Avvenire, 21 maggio 2025
La regrimazione: paradosso populista dei sovranisti in cerca di manodopera
Remigrazione è la nuova parola d’ordine dei sovranisti italiani.
L’hanno mutuata dai sodali tedeschi di Afd, che ne avevano fatto il loro slogan elettorale. Significa cacciare gli immigrati, irregolari e regolari, richiedenti asilo e lavoratori insediati, singoli e famiglie che vivono nel paese da anni. Viene in mente un film, “Un giorno senza messicani”, di Sergio Arau. Un politico californiano che intende trarre vantaggio dalla xenofobia lancia una campagna per cacciare gli immigrati, nel suo caso messicani. Un giorno cala una fitta nebbia e scompaiono all’improvviso i messicani. Comincia così un’esilarante sequenza di disavventure: coppie che non si ritrovano, attività che si fermano, famiglie che rimangono senza il pranzo pronto e con i letti sfatti… Si arriva così alla scena finale, in cui il politico che ha lanciato la campagna apre le porte della sua sontuosa dimora, con un sorriso ipocrita stampato sulla faccia, e si rivolge a un ignaro immigrato messicano, invitandolo a entrare in uno spagnolo stentato: «Mi casa es tu casa!». La remigrazione è l’esasperazione del paradosso populista. La speculazione sulle paure sollevate dall’immigrazione da Paesi poveri, oggi soprattutto dalle persone che arrivano dal Sud del mondo in cerca di asilo, si scontra con i fabbisogni di manodopera che obbligano anche le forze più riluttanti, quando assumono responsabilità di governo, ad aprire i confini a numeri cospicui di lavoratori stranieri. I promotori della remigrazione dovrebbero rivolgere i loro strali non verso un astratto globalismo, ma verso l’esecutivo guidato da Giorgia Meloni.

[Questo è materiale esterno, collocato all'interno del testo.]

(* There is a positive constant $C$ such that for infinitely many positive integers $n$, $$ D(n) > 1 - \frac{C}{(\log\log n)^{1-\frac12 e\log 2}}. $$ (Here $1-\frac12 e\log 2\approx 0.057915$.)
   Context: A subset $S\subseteq \mathbb{Z}/n\mathbb{Z}$ is called product-free if there are no $a,b,c\in S$ (not necessarily distinct) with $ab\equiv c \pmod n$. For a positive integer $n$, $D(n)$ denotes the maximum of $|S|/n$ over all product-free subsets $S$ of $\mathbb{Z}/n\mathbb{Z}$. Here $e$ is Euler's number and $\log$ is the natural logarithm. *)

theory Defs
  imports Complex_Main
begin

definition product_free :: "nat \<Rightarrow> nat set \<Rightarrow> bool" where
  "product_free n S \<longleftrightarrow> S \<subseteq> {0..<n} \<and>
     (\<forall>a\<in>S. \<forall>b\<in>S. \<forall>c\<in>S. (a * b) mod n \<noteq> c mod n)"

definition D :: "nat \<Rightarrow> real" where
  "D n = Max ((\<lambda>S. real (card S) / real n) ` {S. product_free n S})"

end

theory Submission
  imports Defs "HOL-Analysis.Harmonic_Numbers" "HOL-Number_Theory.Cong"
    "HOL-Computational_Algebra.Primes" "HOL-Library.FuncSet"
begin
context planted_tree
begin

lemma upper_in_V: "is_elem V E a \<Longrightarrow> upper a \<in> V"
  by (cases a) (auto simp: is_elem_def dest: edge_in_V)

lemma ele_strictly_below_Vx:
  assumes "is_elem V E a" "ele E (Vx s) a" "ele E a (Vx w)" "a \<noteq> Vx w"
  shows "tless E s w"
proof (cases a)
  case (Vx u)
  then have "(u, s) \<in> E\<^sup>*" "(w, u) \<in> E\<^sup>*" "u \<noteq> w"
    using assms by (auto simp: tle_def)
  then show ?thesis
    unfolding tless_def tle_def using rtrancl_antisym rtrancl_trans by metis
next
  case (Ed p q)
  then have pq: "(p, q) \<in> E" "(q, s) \<in> E\<^sup>*" "(w, p) \<in> E\<^sup>*"
    using assms by (auto simp: tle_def is_elem_def)
  then have "(w, s) \<in> E\<^sup>*" by (meson rtrancl_into_rtrancl rtrancl_trans)
  moreover have "s \<noteq> w"
  proof
    assume "s = w"
    then have "(q, p) \<in> E\<^sup>*" using rtrancl_trans[OF pq(2)] pq(3) by simp
    then show False using pq(1) edge_not_rtrancl_back by blast
  qed
  ultimately show ?thesis unfolding tless_def tle_def by blast
qed

lemma ele_child_edge:
  assumes "is_elem V E a" "ele E (Vx s) a" "ele E a (Vx w)" "a \<noteq> Vx w"
    and "(w, c) \<in> E" "(c, s) \<in> E\<^sup>*"
  shows "ele E a (Ed w c)"
proof (cases a)
  case (Vx u)
  then have "(u, s) \<in> E\<^sup>*" "(w, u) \<in> E\<^sup>*" "u \<noteq> w"
    using assms by (auto simp: tle_def)
  then have "(c, u) \<in> E\<^sup>*"
    using ancestors_comparable nothing_between_edge assms(5,6) by blast
  then show ?thesis using Vx by (simp add: tle_def)
next
  case (Ed p q)
  then have pq: "(p, q) \<in> E" "(q, s) \<in> E\<^sup>*" "(w, p) \<in> E\<^sup>*"
    using assms by (auto simp: tle_def is_elem_def)
  have "q \<noteq> w" using pq(1,3) edge_not_rtrancl_back by blast
  moreover have "(w, q) \<in> E\<^sup>*" using pq(3,1) by (rule rtrancl_into_rtrancl)
  ultimately have "q = c \<or> (c, q) \<in> E\<^sup>*"
    using ancestors_comparable[OF pq(2) assms(6)] nothing_between_edge[OF assms(5)] by blast
  then consider "q = c" | "(c, p) \<in> E\<^sup>*"
    using pq(1) parent_eq by (metis rtranclE)
  then show ?thesis
  proof cases
    case 1
    then have "p = w" using pq(1) assms(5) parent_eq by blast
    then show ?thesis using Ed 1 by simp
  next
    case 2
    then show ?thesis using Ed by (simp add: tle_def)
  qed
qed

end

locale reconciled_gene_tree =
  fixes VT :: "'g set" and ET :: "('g \<times> 'g) set" and rT :: 'g
    and VS :: "'s set" and ES :: "('s \<times> 's) set" and rS :: 's
    and \<sigma> :: "'g \<Rightarrow> 's" and \<mu> :: "'g \<Rightarrow> 's elem"
  assumes species_tree: "planted_phylo_tree VS ES rS"
    and gene_tree: "gene_tree VT ET rT \<sigma> VS ES rS"
    and reconciliation: "reconciliation VT ET rT \<sigma> VS ES rS \<mu>"
begin

sublocale S: planted_tree VS ES rS
  using species_tree by unfold_locales

sublocale T: planted_tree VT ET rT
  using gene_tree unfolding gene_tree_def by unfold_locales blast

lemma sigma_in_VS: "z \<in> leaves VT ET rT \<Longrightarrow> \<sigma> z \<in> VS"
  using gene_tree unfolding gene_tree_def leaves_def by blast

lemma mu_is_elem: "v \<in> VT \<Longrightarrow> is_elem VS ES (\<mu> v)"
  and mu_eq_root_iff: "v \<in> VT \<Longrightarrow> \<mu> v = Vx rS \<longleftrightarrow> v = rT"
  and mu_leaf: "v \<in> leaves VT ET rT \<Longrightarrow> \<mu> v = Vx (\<sigma> v)"
  and mu_mono: "v \<in> VT \<Longrightarrow> w \<in> VT \<Longrightarrow> tless ET v w \<Longrightarrow> ele ES (\<mu> v) (\<mu> w)"
  using reconciliation unfolding reconciliation_def by blast+

lemma speciation_lca:
  assumes "v \<in> VT" "\<mu> v \<in> Vx ` inner VS ES rS"
  obtains c1 c2 where "(v, c1) \<in> ET" "(v, c2) \<in> ET" "c1 \<noteq> c2"
    "\<mu> v = Vx (lcaS VS ES (\<mu> c1) (\<mu> c2))"
  using reconciliation assms unfolding reconciliation_def children_def by blast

Il governo più sovranista del dopoguerra ha varato infatti un decreto-flussi da 452.000 ingressi in tre anni, riferiti a un ampio ventaglio di occupazioni e di settori economici, a cui ne ha aggiunti altri 10.000 quest’anno, per coprire i fabbisogni di assistenza in ambito familiare. Dalle famiglie con anziani fragili ai cantieri edili, dai campi ai ristoranti, il lavoro straniero è sempre più richiesto. Già oggi abbiamo in Italia 2,4 milioni di occupati regolari, oltre il 10% del totale. E le associazioni imprenditoriali dicono che ne servirebbero molti di più. Anche a livello europeo, la recente apertura all’ingresso di lavoratori è la principale novità nelle politiche migratorie degli ultimi anni. Potrebbe offrire un punto di convergenza, forse l’unico, ai sostenitori di posizioni contrapposte su una questione così divisiva e apparentemente intrattabile. Brandendo la clava della remigrazione, i sostenitori della purezza etnica preferiscono invece nascondere sotto il tappeto il misconosciuto assenso del loro governo alle esigenze dei datori di lavoro e alzare il livello di sfruttamento dei sentimenti d’insicurezza che si scaricano sul capro espiatorio degli immigrati. Si potrebbe minimizzare: scaramucce interne all’inquieta coalizione di governo, corsa verso posizioni sempre più estreme per accaparrarsi i consensi di una fetta di elettorato che vuole credere in soluzioni semplici a sfide complesse come quelle del governo di una società multietnica. Ma in realtà le parole pronunciate da chi ricopre responsabilità pubbliche e ottiene risonanza nel circuito mediatico non sono innocue.
Legittimano il linguaggio razzista, la costruzione di steccati mentali tra “noi” e “loro”, la richiesta di trattamenti differenziali e di misura discriminatorie. Alla fine, insulti, derisioni, espressioni irriguardose. E a volte anche di peggio. Invocare il rigore della legge per porre fine a campagne odiose è sempre una strategia discutibile: presta il fianco all’accusa di censurare le opinioni radicali e sgradite, favorendo il vittimismo degli odiatori. J.D. Vance ce l’ha mostrato a proposito di Afd in Germania. Di certo però abbiamo bisogno di un sussulto di coscienza civile per affermare una cultura dei diritti umani, del rispetto delle persone e del rigetto delle discriminazioni in tempi di offuscamento dei principi democratici.